Web3 Is Already Here, What Does It Mean For Brands?
top of page
  • Fifth & Cor

Web3 Is Already Here, What Does It Mean For Brands?

A new era of the Internet is here, namely Web3. Recently, there has been a great deal of discussion around it, but what does it all indeed imply? Being aware of what's coming and what's currently happening is especially important for companies.


What is Web3? What does it imply for brands? Which firms are adopting Web3? We'll answer these questions and more in this article.


What is Web3?

According to believers, Web3 represents the next phase of the Internet and organizing society. Web 1.0 referred to the early days of the Internet in the 1990s when it was viewed as a means of democratizing access to knowledge, yet it was chaotic and overwhelming.

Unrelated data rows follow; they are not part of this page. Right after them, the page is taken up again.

lemma subword_lang_Cons_subset_upclose:
  assumes V: "openin (Ttop \<theta> (subword_topology \<theta>)) V" and aw: "Some (a, w) \<in> V"
  obtains A Us where "openin \<theta> A" "a \<in> A" "open_pattern \<theta> Us" "w \<in> subword_lang Us"
    "subword_lang (A # Us) \<subseteq> upclose (delta ` V)"
proof -
  have W: "openin (prod_topology \<theta> (subword_topology \<theta>)) {p. Some p \<in> V}"
    using V openin_Ttop by blast
  obtain A L where AL: "openin \<theta> A" "openin (subword_topology \<theta>) L" "a \<in> A" "w \<in> L"
    "A \<times> L \<subseteq> {p. Some p \<in> V}"
    using W[unfolded openin_prod_topology_alt, rule_format, of a w] aw by auto
  obtain Us where Us: "open_pattern \<theta> Us" "w \<in> subword_lang Us" "subword_lang Us \<subseteq> L"
    using subword_topology_base[OF AL(2,4)] by blast
  have "Some ` (A \<times> subword_lang Us) \<subseteq> V"
    using AL(5) Us(3) by auto
  then have "upclose (delta ` Some ` (A \<times> subword_lang Us)) \<subseteq> upclose (delta ` V)"
    by (intro upclose_mono image_mono)
  then have "subword_lang (A # Us) \<subseteq> upclose (delta ` V)"
    by (simp add: upclose_delta_Some_Times)
  with AL(1,3) Us(1,2) show thesis by (rule that)
qed

lemma openin_subword_topology_upclose:
  assumes V: "openin (Ttop \<theta> (subword_topology \<theta>)) V"
  shows "openin (subword_topology \<theta>) (upclose (delta ` V))"
proof (cases "None \<in> V")
  case True
  then have "upclose (delta ` V) = UNIV"
    by (metis delta.simps(1) image_eqI upclose_UNIV)
  then show ?thesis
    using openin_subword_topology_subword_lang[of "[]"] by simp
next
  case False
  show ?thesis
  proof (rule openin_subopen[THEN iffD2], intro ballI)
    fix z assume "z \<in> upclose (delta ` V)"
    then obtain u y where z: "z = u @ delta y" and y: "y \<in> V"
      unfolding upclose_eq by blast
    with False obtain a w where aw: "y = Some (a, w)"
      by (metis option.exhaust surj_pair)
    with y have "Some (a, w) \<in> V"
      by simp
    then obtain A Us where A: "openin \<theta> A" "a \<in> A" and Us: "open_pattern \<theta> Us" "w \<in> subword_lang Us"
      and sub: "subword_lang (A # Us) \<subseteq> upclose (delta ` V)"
      by (rule subword_lang_Cons_subset_upclose[OF V])
    have "openin (subword_topology \<theta>) (subword_lang (A # Us))"
      using A(1) Us(1) by (intro openin_subword_topology_subword_lang) simp
    moreover have "z \<in> subword_lang (A # Us)"
      unfolding z aw delta.simps
      by (intro append_in_subword_lang Cons_in_subword_lang_Cons A(2) Us(2))
    ultimately show "\<exists>T. openin (subword_topology \<theta>) T \<and> z \<in> T \<and> T \<subseteq> upclose (delta ` V)"
      using sub by blast
  qed
qed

Then, in the mid-2000s came Web 2.0. Google, Amazon, Facebook, and Twitter arose to bring innovation and order to the Internet by making it simple to interact and transact online. These corporations accumulated far too much power over time.


Web3 is about reclaiming some of the power. As a result, the technology is an iteration of the Internet in which new social networks, search engines, and markets emerge with no corporate masters.


According to the Ethereum Foundation, Web3 refers to decentralized programs that operate on Blockchain technology. These are applications that allow anyone to join without selling their personal information.


That is also why Web3 may be a panacea for antitrust issues and monopolistic corporate practices. This next-generation web technology would inevitably deprive major companies of influence since they would no longer be the only powerful platforms to utilize.


Some technologists anticipate that Web3 will incubate a metaverse built on Blockchain technology and open standards and managed by a global network of computers rather than a few large corporations.


Non-fungible tokens (NFTs) would promote virtual reality trade, and conventional gatekeepers would no longer decide what can and cannot enter the metaverse.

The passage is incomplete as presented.